What is expected -
Within the entries below, find each line containing the word "obtain" and copy it.

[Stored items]
lemma space_curve_of_degree_component:
  assumes "\<sigma> \<in> {1, -1}"
  shows "space_curve_of_degree (component \<sigma>) 4"
  unfolding space_curve_of_degree_def
proof (intro conjI allI impI)
  show "space_curve (component \<sigma>)" by (rule space_curve_component[OF assms])
  obtain p q r where deg: "degree p \<le> 4" "degree q \<le> 4" "degree r \<le> 4"
    and inj: "inj (poly_curve p q r)" and C: "component \<sigma> = range (poly_curve p q r)"
    by (rule component_poly_curve[OF assms])
  show "card (component \<sigma> \<inter> H) \<le> 4" if "cplane H \<and> finite (component \<sigma> \<inter> H)" for H
    using that card_poly_curve_Int_cplane_le[OF inj _ deg] unfolding C by blast
  show "\<exists>H. cplane H \<and> finite (component \<sigma> \<inter> H) \<and> card (component \<sigma> \<inter> H) = 4"
    using cplane_level_plane component_Int_level_plane[OF assms] by blast
qed

lemma space_curve_trisector_C: "space_curve (trisector_C R s c)"
  unfolding space_curve_def
proof (intro conjI ballI)
  have C: "component \<sigma> \<noteq> {}" "\<forall>x\<in>component \<sigma>. x islimpt component \<sigma>" if "\<sigma> \<in> {1, -1}" for \<sigma>
    using space_curve_component[OF that] unfolding space_curve_def by blast+
  show "trisector_C R s c \<noteq> {}"
    using C(1)[of 1] by (simp add: trisector_C_eq_Un)
  show "x islimpt trisector_C R s c" if "x \<in> trisector_C R s c" for x
    using that C(2)[of 1] C(2)[of "-1"] by (auto simp: trisector_C_eq_Un islimpt_Un)
  show "\<exists>H. cplane H \<and> x \<in> H \<and> finite (trisector_C R s c \<inter> H)" for x
  proof -
    obtain a b e where x: "x = (a, b, e)" by (cases x)
    have "x \<in> u_plane (of_real c * a + of_real s * b)" by (simp add: u_plane_def x)
    moreover have "finite (trisector_C R s c \<inter> u_plane d)" for d
      using finite_component_Int_u_plane[of 1 d] finite_component_Int_u_plane[of "-1" d]
      by (simp add: trisector_C_eq_Un Int_Un_distrib2)
    ultimately show ?thesis using cplane_u_plane by blast
  qed
qed (rule algebraic_set3_trisector_C)

lemma space_curve_of_degree_trisector_C: "space_curve_of_degree (trisector_C R s c) 8"
  unfolding space_curve_of_degree_def
proof (intro conjI allI impI)
  show "space_curve (trisector_C R s c)" by (rule space_curve_trisector_C)
  fix H assume H: "cplane H \<and> finite (trisector_C R s c \<inter> H)"
  have bound: "card (component \<sigma> \<inter> H) \<le> 4" if "\<sigma> \<in> {1, -1}" for \<sigma>
  proof -
    have "component \<sigma> \<inter> H \<subseteq> trisector_C R s c \<inter> H"
      using that unfolding trisector_C_eq_Un by blast
    then have "finite (component \<sigma> \<inter> H)" using H finite_subset by blast
    then show ?thesis
      using H space_curve_of_degree_component[OF that] unfolding space_curve_of_degree_def by blast
  qed
  have "card (trisector_C R s c \<inter> H) \<le> card (component 1 \<inter> H) + card (component (-1) \<inter> H)"
    unfolding trisector_C_eq_Un Int_Un_distrib2 by (rule card_Un_le)
  also have "\<dots> \<le> 8" using bound[of 1] bound[of "-1"] by simp
  finally show "card (trisector_C R s c \<inter> H) \<le> 8" .
next
  have "cpt_of_real (a, b, (1 - R^2 * s^2) / 2) \<notin> level_plane" for a b
    using R_nonzero s_nonzero by (simp add: level_plane_def cpt_of_real_def)
  then have "(component 1 \<inter> component (-1)) \<inter> level_plane = {}"
    unfolding component_Int_component by blast
  then have "(component 1 \<inter> level_plane) \<inter> (component (-1) \<inter> level_plane) = {}"
    by blast
  then have "finite (trisector_C R s c \<inter> level_plane) \<and> card (trisector_C R s c \<inter> level_plane) = 8"
    unfolding trisector_C_eq_Un Int_Un_distrib2
    using component_Int_level_plane[of 1] component_Int_level_plane[of "-1"] by (simp add: card_Un_disjoint)
  then show "\<exists>H. cplane H \<and> finite (trisector_C R s c \<inter> H) \<and> card (trisector_C R s c \<inter> H) = 8"
    using cplane_level_plane by blast
qed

Answer to this exercise -
  obtain p q r where deg: "degree p \<le> 4" "degree q \<le> 4" "degree r \<le> 4"
    obtain a b e where x: "x = (a, b, e)" by (cases x)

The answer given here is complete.